(Data in this exercise begins)

(* Let $V$ be a vertex operator algebra that is strongly generated by a single homogeneous element $u\in V$, i.e. $V$ is spanned by the vectors $u_{-k_1}u_{-k_2}\cdots u_{-k_r}\mathbf{1}$ with $r\in\mathbb{N}$ and $k_1,\dots,k_r\in\mathbb{Z}_+$. Let $n\in\mathbb{Z}_+$ and suppose that either (i) $1\le \mathrm{wt}\,u\le n$, or (ii) $\mathrm{wt}\,u=0$ and $u_{-2}\mathbf{1}\neq 0$. Then $O^L(V)\not\subset O_n^\circ(V)$.
   Context: $V$ has vacuum $\mathbf{1}$, vertex operator $Y(v,x)=\sum_{k\in\mathbb{Z}}v_kx^{-k-1}$, Virasoro operators $L(m)$, and $\mathrm{wt}\,v$ is the $L(0)$-eigenvalue of a homogeneous $v$. For $n\in\mathbb{N}$, homogeneous $a\in V$ and $b\in V$, $a\circ_n b=\mathrm{Res}_x\,(1+x)^{\mathrm{wt}\,a+n}Y(a,x)b\,x^{-2n-2}$ (extended linearly in $a$). $O_n^\circ(V)=\mathrm{span}\{a\circ_n b:a,b\in V\}$ and $O^L(V)=\{(L(-1)+L(0))v: v\in V\}$. *)

theory Defs
  imports Complex_Main "HOL-Library.Groups_Big_Fun"
begin

text \<open>A vertex operator algebra over the complex numbers, in the sense of
Frenkel-Lepowsky-Meurman / Lepowsky-Li, presented through its modes.
Y a k b denotes the mode a_k b, i.e. Y(a,x) b = sum_k (Y a k b) x^(-k-1).
vac is the vacuum vector and om the conformal vector, L(m) = om_(m+1).\<close>

definition Lop :: "('v \<Rightarrow> int \<Rightarrow> 'v \<Rightarrow> 'v) \<Rightarrow> 'v \<Rightarrow> int \<Rightarrow> 'v \<Rightarrow> 'v" where
  "Lop Y om m = Y om (m + 1)"

definition wtspace :: "(complex \<Rightarrow> 'v \<Rightarrow> 'v) \<Rightarrow> ('v \<Rightarrow> int \<Rightarrow> 'v \<Rightarrow> 'v) \<Rightarrow> 'v \<Rightarrow> int \<Rightarrow> 'v set" where
  "wtspace sm Y om n = {v. Lop Y om 0 v = sm (of_int n) v}"

definition is_VOA ::
  "(complex \<Rightarrow> 'v::ab_group_add \<Rightarrow> 'v) \<Rightarrow> ('v \<Rightarrow> int \<Rightarrow> 'v \<Rightarrow> 'v) \<Rightarrow> 'v \<Rightarrow> 'v \<Rightarrow> bool" where
  "is_VOA sm Y vac om \<longleftrightarrow>
     vector_space sm
   \<and> (\<forall>a k b c. Y a k (b + c) = Y a k b + Y a k c)
   \<and> (\<forall>a k s b. Y a k (sm s b) = sm s (Y a k b))
   \<and> (\<forall>a a' k b. Y (a + a') k b = Y a k b + Y a' k b)
   \<and> (\<forall>s a k b. Y (sm s a) k b = sm s (Y a k b))
   \<comment> \<open>truncation\<close>
   \<and> (\<forall>a b. \<exists>N. \<forall>k\<ge>N. Y a k b = 0)
   \<comment> \<open>vacuum: Y(1,x) = id\<close>
   \<and> (\<forall>k b. Y vac k b = (if k = -1 then b else 0))
   \<comment> \<open>creation\<close>
   \<and> (\<forall>a k. k \<ge> 0 \<longrightarrow> Y a k vac = 0)
   \<and> (\<forall>a. Y a (-1) vac = a)
   \<comment> \<open>Jacobi identity in the form of the Borcherds identity\<close>
   \<and> (\<forall>a b c m n l.
        (\<Sum>i::nat. sm ((of_int m :: complex) gchoose i) (Y (Y a (l + int i) b) (m + n - int i) c))
      = (\<Sum>i::nat. sm ((-1) ^ i * ((of_int l :: complex) gchoose i))
            (Y a (m + l - int i) (Y b (n + int i) c)
             - sm (if even l then 1 else -1) (Y b (n + l - int i) (Y a (m + int i) c)))))
   \<comment> \<open>Virasoro relations with some central charge\<close>
   \<and> (\<exists>cc::complex. \<forall>m k v.
        Lop Y om m (Lop Y om k v) - Lop Y om k (Lop Y om m v)
      = sm (of_int (m - k)) (Lop Y om (m + k) v)
        + (if m + k = 0 then sm ((of_int m ^ 3 - of_int m) / 12 * cc) v else 0))
   \<comment> \<open>L(-1)-derivative property: Y(L(-1)a,x) = d/dx Y(a,x)\<close>
   \<and> (\<forall>a k b. Y (Lop Y om (-1) a) k b = sm (- of_int k) (Y a (k - 1) b))
   \<comment> \<open>Z-grading by L(0)-eigenvalues, finite-dimensional, bounded below\<close>
   \<and> module.span sm (\<Union>n. wtspace sm Y om n) = UNIV
   \<and> (\<forall>n. \<exists>B. finite B \<and> module.span sm B = wtspace sm Y om n)
   \<and> (\<exists>N. \<forall>n<N. wtspace sm Y om n = {0})"

text \<open>a \<circ>_n b for a homogeneous of weight w:
  Res_x (1+x)^(w+n) Y(a,x) b x^(-2n-2) = sum_(i>=0) binom(w+n,i) a_(i-2n-2) b.\<close>
definition circ_n ::
  "(complex \<Rightarrow> 'v::ab_group_add \<Rightarrow> 'v) \<Rightarrow> ('v \<Rightarrow> int \<Rightarrow> 'v \<Rightarrow> 'v) \<Rightarrow> nat \<Rightarrow> int \<Rightarrow> 'v \<Rightarrow> 'v \<Rightarrow> 'v" where
  "circ_n sm Y n w a b =
     (\<Sum>i::nat. sm ((of_int (w + int n) :: complex) gchoose i) (Y a (int i - 2 * int n - 2) b))"

text \<open>O_n^circ(V): span of a \<circ>_n b, a homogeneous (the extension of
  \<circ>_n to all a is linear in a, so this is the span over all a, b).\<close>
definition O_circ ::
  "(complex \<Rightarrow> 'v::ab_group_add \<Rightarrow> 'v) \<Rightarrow> ('v \<Rightarrow> int \<Rightarrow> 'v \<Rightarrow> 'v) \<Rightarrow> 'v \<Rightarrow> nat \<Rightarrow> 'v set" where
  "O_circ sm Y om n =
     module.span sm {circ_n sm Y n w a b | a b w. a \<in> wtspace sm Y om w}"

definition O_L :: "('v::ab_group_add \<Rightarrow> int \<Rightarrow> 'v \<Rightarrow> 'v) \<Rightarrow> 'v \<Rightarrow> 'v set" where
  "O_L Y om = {Lop Y om (-1) v + Lop Y om 0 v | v. True}"

definition monom :: "('v \<Rightarrow> int \<Rightarrow> 'v \<Rightarrow> 'v) \<Rightarrow> 'v \<Rightarrow> 'v \<Rightarrow> nat list \<Rightarrow> 'v" where
  "monom Y vac u ks = foldr (\<lambda>k v. Y u (- int k) v) ks vac"

definition strongly_generated_by ::
  "(complex \<Rightarrow> 'v::ab_group_add \<Rightarrow> 'v) \<Rightarrow> ('v \<Rightarrow> int \<Rightarrow> 'v \<Rightarrow> 'v) \<Rightarrow> 'v \<Rightarrow> 'v \<Rightarrow> bool" where
  "strongly_generated_by sm Y vac u \<longleftrightarrow>
     module.span sm {monom Y vac u ks | ks. \<forall>k\<in>set ks. k \<ge> 1} = UNIV"

end

theory Submission
  imports Defs
begin

text \<open>Since V is strongly generated by u and wt u is nonnegative, every weight of V is
nonnegative. For a of weight w, the vector a o_n b is a combination of the modes
a_(i-2n-2) b with i <= w + n, and each of them raises the weight by at least n + 1; so
O_n(V) lies in the sum of the weight spaces V_j with j > n. On the other hand
(L(-1) + L(0)) u = u_(-2) 1 + (wt u) u has a nonzero component of weight at most n,
namely (wt u) u in case (i) and u_(-2) 1 of weight 1 in case (ii). The sum of the weight
spaces being direct, this vector is not in O_n(V).\<close>

lemma Sum_any_eq_sum_atMost:
  fixes g :: "nat \<Rightarrow> 'a::comm_monoid_add"
  assumes "\<And>i. N < i \<Longrightarrow> g i = 0"
  shows "Sum_any g = (\<Sum>i\<le>N. g i)"
  by (rule Sum_any.expand_superset) (use assms in \<open>auto simp flip: not_le\<close>)

lemma gbinomial_of_nat_eq_0: "N < i \<Longrightarrow> (of_nat N :: 'a::field_char_0) gchoose i = 0"
  by (simp add: binomial_gbinomial[symmetric])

(Data in this exercise ends)

• **To do**:
Beginning with the opening line above, retype the records exactly through the line with "sm (of_int n)", both ends included.

• **Result**:
(* Let $V$ be a vertex operator algebra that is strongly generated by a single homogeneous element $u\in V$, i.e. $V$ is spanned by the vectors $u_{-k_1}u_{-k_2}\cdots u_{-k_r}\mathbf{1}$ with $r\in\mathbb{N}$ and $k_1,\dots,k_r\in\mathbb{Z}_+$. Let $n\in\mathbb{Z}_+$ and suppose that either (i) $1\le \mathrm{wt}\,u\le n$, or (ii) $\mathrm{wt}\,u=0$ and $u_{-2}\mathbf{1}\neq 0$. Then $O^L(V)\not\subset O_n^\circ(V)$.
   Context: $V$ has vacuum $\mathbf{1}$, vertex operator $Y(v,x)=\sum_{k\in\mathbb{Z}}v_kx^{-k-1}$, Virasoro operators $L(m)$, and $\mathrm{wt}\,v$ is the $L(0)$-eigenvalue of a homogeneous $v$. For $n\in\mathbb{N}$, homogeneous $a\in V$ and $b\in V$, $a\circ_n b=\mathrm{Res}_x\,(1+x)^{\mathrm{wt}\,a+n}Y(a,x)b\,x^{-2n-2}$ (extended linearly in $a$). $O_n^\circ(V)=\mathrm{span}\{a\circ_n b:a,b\in V\}$ and $O^L(V)=\{(L(-1)+L(0))v: v\in V\}$. *)

theory Defs
  imports Complex_Main "HOL-Library.Groups_Big_Fun"
begin

text \<open>A vertex operator algebra over the complex numbers, in the sense of
Frenkel-Lepowsky-Meurman / Lepowsky-Li, presented through its modes.
Y a k b denotes the mode a_k b, i.e. Y(a,x) b = sum_k (Y a k b) x^(-k-1).
vac is the vacuum vector and om the conformal vector, L(m) = om_(m+1).\<close>

definition Lop :: "('v \<Rightarrow> int \<Rightarrow> 'v \<Rightarrow> 'v) \<Rightarrow> 'v \<Rightarrow> int \<Rightarrow> 'v \<Rightarrow> 'v" where
  "Lop Y om m = Y om (m + 1)"

definition wtspace :: "(complex \<Rightarrow> 'v \<Rightarrow> 'v) \<Rightarrow> ('v \<Rightarrow> int \<Rightarrow> 'v \<Rightarrow> 'v) \<Rightarrow> 'v \<Rightarrow> int \<Rightarrow> 'v set" where
  "wtspace sm Y om n = {v. Lop Y om 0 v = sm (of_int n) v}"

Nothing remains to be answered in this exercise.